Paris Blues, which also tested the concept last fall with May Co., now has quick-response programs in place with two of its top department store customers. It’s offering each about six of its 120 junior bottom styles for quick response.
Engelman said she’d like to roll the program out to more chains, but was limited by the company’s capabilities.
“The only thing that’s stopping me from a major rollout right now is, I have a space program in my warehouse,” she said. “The quick-response items have to be stocked in an organized, separate manner that requires a lot of space.”
She said the company was looking for a 100,000-to-120,000-square-foot site in Los Angeles, which would be double the size of its present location.
The need for a dramatically different warehouse highlights the culture change Paris Blues is undergoing to provide quick-response deliveries. Previously, it hadn’t worried much about inventory, since it cut all its clothing to order.
“It’s been interesting for us, to keep a perpetual inventory,” she said. “This is a whole new thing, thus the space problem.”
But while quick response increases a company’s worries, it also provides new information about shifts in the market.

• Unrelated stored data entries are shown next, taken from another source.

lemma open_superset_Inter_vimage_empty_finite_family:
  fixes f :: "'i \<Rightarrow> 'b::topological_space \<Rightarrow> 'a::metric_space"
  assumes "compact (UNIV :: 'b set)" and "finite \<S>" and "\<And>S. S \<in> \<S> \<Longrightarrow> finite S"
    and "\<And>k. continuous_on UNIV (f k)" and "closed E"
    and "\<And>S. S \<in> \<S> \<Longrightarrow> (\<Inter>k\<in>S. f k -` E) = {}"
  obtains Q where "open Q" "E \<subseteq> Q" "\<And>S. S \<in> \<S> \<Longrightarrow> (\<Inter>k\<in>S. f k -` Q) = {}"
proof -
  have "\<forall>S\<in>\<S>. \<exists>Q. open Q \<and> E \<subseteq> Q \<and> (\<Inter>k\<in>S. f k -` Q) = {}"
  proof
    fix S assume "S \<in> \<S>"
    obtain Q where "open Q" "E \<subseteq> Q" "(\<Inter>k\<in>S. f k -` Q) = {}"
      using open_superset_Inter_vimage_empty[OF assms(1) assms(3)[OF \<open>S \<in> \<S>\<close>] assms(4,5)
          assms(6)[OF \<open>S \<in> \<S>\<close>]] .
    then show "\<exists>Q. open Q \<and> E \<subseteq> Q \<and> (\<Inter>k\<in>S. f k -` Q) = {}" by blast
  qed
  then obtain Q where Q: "\<forall>S\<in>\<S>. open (Q S) \<and> E \<subseteq> Q S \<and> (\<Inter>k\<in>S. f k -` Q S) = {}"
    by (rule bchoice[elim_format]) blast
  show thesis
  proof (rule that[of "\<Inter>T\<in>\<S>. Q T"])
    show "open (\<Inter>T\<in>\<S>. Q T)" using Q assms(2) by (intro open_INT) auto
    show "E \<subseteq> (\<Inter>T\<in>\<S>. Q T)" using Q by (intro INT_greatest) auto
    fix S assume "S \<in> \<S>"
    then have "(\<Inter>k\<in>S. f k -` (\<Inter>T\<in>\<S>. Q T)) \<subseteq> (\<Inter>k\<in>S. f k -` Q S)" by blast
    then show "(\<Inter>k\<in>S. f k -` (\<Inter>T\<in>\<S>. Q T)) = {}" using Q \<open>S \<in> \<S>\<close> by auto
  qed
qed

lemma top_small_boundary_property_shrink:
  fixes h :: "'a::topological_space \<Rightarrow> 'a"
  assumes "top_small_boundary_property h" and "compact (UNIV :: 'a set)"
    and "closed F" and "open U" and "F \<subseteq> U"
  obtains W where "open W" "F \<subseteq> W" "closure W \<subseteq> U" "top_small h (frontier W)"
proof -
  have closed_compact: "compact T" if "closed T" for T :: "'a set"
    using compact_Int_closed[OF assms(2) that] by simp
  have "compact F" "compact (- U)" using assms(3,4) by (auto intro!: closed_compact)
  moreover have "F \<inter> - U = {}" using assms(5) by blast
  ultimately obtain W W' where "open W" "open W'" "F \<subseteq> W" "- U \<subseteq> W'"
      "closure W \<inter> closure W' = {}" "top_small h (frontier W)"
    using assms(1)[unfolded top_small_boundary_property_def, rule_format, of F "- U"] by blast
  moreover have "closure W \<subseteq> U"
    using calculation(4,5) closure_subset[of W'] by blast
  ultimately show thesis using that by blast
qed

lemma top_small_open_superset_measure_less:
  fixes h :: "'a::metric_space \<Rightarrow> 'a"
  assumes "compact (UNIV :: 'a set)" and "bij h" and "continuous_on UNIV h"
    and "top_small h E" and "\<epsilon> > 0"
  obtains Q where "open Q" "E \<subseteq> Q" "\<And>\<mu>. \<mu> \<in> invariant_measures h \<Longrightarrow> measure \<mu> Q < \<epsilon>"
proof -
  obtain m where m: "\<And>S. finite S \<Longrightarrow> card S = Suc m \<Longrightarrow> (\<Inter>k\<in>S. (h ^^ k) -` E) = {}"
    using top_small_Inter_vimage_funpow[OF assms(4,2)] by blast
  obtain N :: nat where "real m / \<epsilon> < N" using reals_Archimedean2 by blast
  then have "real m < N * \<epsilon>" using assms(5) by (simp add: divide_less_eq)
  then have "N > 0" by (cases N) auto
  with \<open>real m < N * \<epsilon>\<close> have mN: "real m / N < \<epsilon>" by (simp add: divide_less_eq mult.commute)
  define \<S> where "\<S> = {S. S \<subseteq> {..<N} \<and> card S = Suc m}"
  have "finite \<S>" unfolding \<S>_def by (rule finite_subset[of _ "Pow {..<N}"]) auto
  moreover have "S \<in> \<S> \<Longrightarrow> finite S" for S unfolding \<S>_def using finite_subset by blast
  moreover have "closed E" using assms(4) unfolding top_small_def by blast
  moreover have "S \<in> \<S> \<Longrightarrow> (\<Inter>k\<in>S. (h ^^ k) -` E) = {}" for S
    using m \<open>S \<in> \<S> \<Longrightarrow> finite S\<close> unfolding \<S>_def by blast
  ultimately obtain Q where Q: "open Q" "E \<subseteq> Q"
      "\<And>S. S \<in> \<S> \<Longrightarrow> (\<Inter>k\<in>S. (h ^^ k) -` Q) = {}"
    using open_superset_Inter_vimage_empty_finite_family[OF assms(1), of \<S> "\<lambda>k. h ^^ k" E,
        OF _ _ continuous_on_funpow[OF assms(3)]]
    by blast
  have "measure \<mu> Q < \<epsilon>" if "\<mu> \<in> invariant_measures h" for \<mu>
  proof -
    have "measure \<mu> Q \<le> real m / N"
    proof (rule invariant_measure_le_visits[OF that _ _ \<open>N > 0\<close>])
      show "h \<in> borel_measurable borel" by (rule borel_measurable_continuous_onI[OF assms(3)])
      show "Q \<in> sets borel" using Q(1) by simp
      show "card {k\<in>{..<N}. x \<in> (h ^^ k) -` Q} \<le> m" for x
        using card_Collect_mem_le_of_Inter_empty[of "{..<N}" m "\<lambda>k. (h ^^ k) -` Q"] Q(3)
        unfolding \<S>_def by blast
    qed
    with mN show ?thesis by linarith
  qed
  with Q show thesis using that by blast
qed

lemma frontier_closure_Diff_subset: "frontier (closure A - B) \<subseteq> frontier A \<union> frontier B"
proof -
  have "frontier (closure A - B) \<subseteq> frontier (closure A) \<union> frontier (- B)"
    using frontier_Int_subset[of "closure A" "- B"] by (simp add: Diff_eq)
  moreover have "frontier (closure A) \<subseteq> frontier A"
    unfolding frontier_def using interior_mono[OF closure_subset[of A]] by auto
  ultimately show ?thesis by auto
qed

theorem proposition4p9:
  fixes h :: "'a::metric_space \<Rightarrow> 'a" and \<epsilon> :: real
    and F U :: "'a set"
  assumes "compact (UNIV :: 'a set)"
    and "infinite (UNIV :: 'a set)"
    and "\<exists>g. homeomorphism UNIV UNIV h g"
    and "minimal_map h"
    and "top_small_boundary_property h"
    and "\<epsilon> > 0"
    and "closed F" and "open U" and "F \<subseteq> U"
  shows "\<exists>K V. closed K \<and> open V \<and>
           F \<subseteq> interior K \<and> interior K \<subseteq> K \<and> K \<subseteq> V \<and> V \<subseteq> closure V \<and> closure V \<subseteq> U \<and>
           top_small h (frontier K) \<and> top_small h (frontier V) \<and>
           (\<forall>\<mu>\<in>invariant_measures h. measure \<mu> (V - K) < \<epsilon>)"
proof -
  obtain g where hg: "homeomorphism UNIV UNIV h g" using assms(3) by blast
  then have "continuous_on UNIV h" "g \<circ> h = id" "h \<circ> g = id"
    by (auto simp: homeomorphism_def fun_eq_iff)
  then have "bij h" by (blast intro: o_bij)
  obtain W where W: "open W" "F \<subseteq> W" "closure W \<subseteq> U" "top_small h (frontier W)"
    using top_small_boundary_property_shrink[OF assms(5,1,7,8,9)] .
  obtain Q where Q: "open Q" "frontier W \<subseteq> Q"
      "\<And>\<mu>. \<mu> \<in> invariant_measures h \<Longrightarrow> measure \<mu> Q < \<epsilon>"
    using top_small_open_superset_measure_less[OF assms(1) \<open>bij h\<close> \<open>continuous_on UNIV h\<close> W(4) assms(6)]
    by blast
  have "frontier W \<subseteq> Q - F" using Q(2) W(1,2) by (auto simp: frontier_def interior_open)
  then obtain P where P: "open P" "frontier W \<subseteq> P" "closure P \<subseteq> Q - F" "top_small h (frontier P)"
    using top_small_boundary_property_shrink[OF assms(5,1) frontier_closed open_Diff[OF Q(1) assms(7)]]
    by blast
  define K where "K = closure W - P"
  have "W - closure P \<subseteq> K" "open (W - closure P)"
    using W(1) closure_subset[of W] closure_subset[of P] by (auto simp: K_def)
  then have "W - closure P \<subseteq> interior K" by (rule interior_maximal)
  then have "F \<subseteq> interior K" using W(2) P(3) by blast
  moreover have "K \<subseteq> W" using P(2) W(1) by (auto simp: K_def frontier_def interior_open)
  moreover have "top_small h (frontier K)"
    unfolding K_def using W(4) P(4) frontier_closed frontier_closure_Diff_subset
    by (rule top_small_subset_Un)
  moreover have "measure \<mu> (W - K) < \<epsilon>" if "\<mu> \<in> invariant_measures h" for \<mu>
  proof -
    interpret prob_space \<mu> using that unfolding invariant_measures_def by blast
    have "W - K \<subseteq> Q" using P(3) closure_subset[of P] closure_subset[of W] by (auto simp: K_def)
    moreover have "Q \<in> sets \<mu>" using that Q(1) unfolding invariant_measures_def by simp
    ultimately have "measure \<mu> (W - K) \<le> measure \<mu> Q" by (rule finite_measure_mono)
    with Q(3)[OF that] show ?thesis by linarith
  qed
  moreover have "closed K" unfolding K_def using P(1) by blast
  ultimately show ?thesis
    using W(1,3,4) closure_subset[of W] interior_subset[of K] by blast
qed

end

Engelman said that after the fall test of quick response, she realized there was much more demand for very small-size jeans — zeroes and ones — than she had previously believed.
“When I had to sit to do initial cuts for back to school,” she said, “I had to re-think where I had gone last year and load up more on the smaller sizes and not think so much about the 13s.”
While it’s logical to start an inventory-intensive program on a small scale, some said fashion-driven companies need to keep quick-response programs small.
Silver Jeans, a resource based in Winnipeg, Manitoba, has been running quick-response for years, but has kept its program to five styles, according to Michael Silver, president. He said the current strong fashion cycle in jeans made the programs even harder to manage.
“In basics, it’s rarely a problem, but when you get into fashion denim, it’s tricky,” he said. “I have 168 styles and, darn it, 50 are selling really well. I’ve chosen a little bit safer route and instead of having a monstrous number [of styles available for quick response], am barreling out four or five that are good.”
Engelman said Paris Blues hopes eventually to expand the quick-response program to other customers, but she didn’t expect to cover a large number of styles.
“I will take it to other people, but it will have to be an extremely organized program,” she said. “I’m not going to do 27 styles. It’s still going to be a commodity, day-in and day-out program.”
Gilbert said the Mudd program had great promise, but acknowledged it was not risk-free.
“It’s a lot of money tied up,” he said. “We’re very confident, because we’re doing well, but we have close to $10 million in garments in inventory. We may have 400,000 quick-response items on the floor and another 200,000 regular items. With back to school coming, you have to be in stock in late April and May. When the rollout starts in mid-June, you can’t still be waiting for your factories.”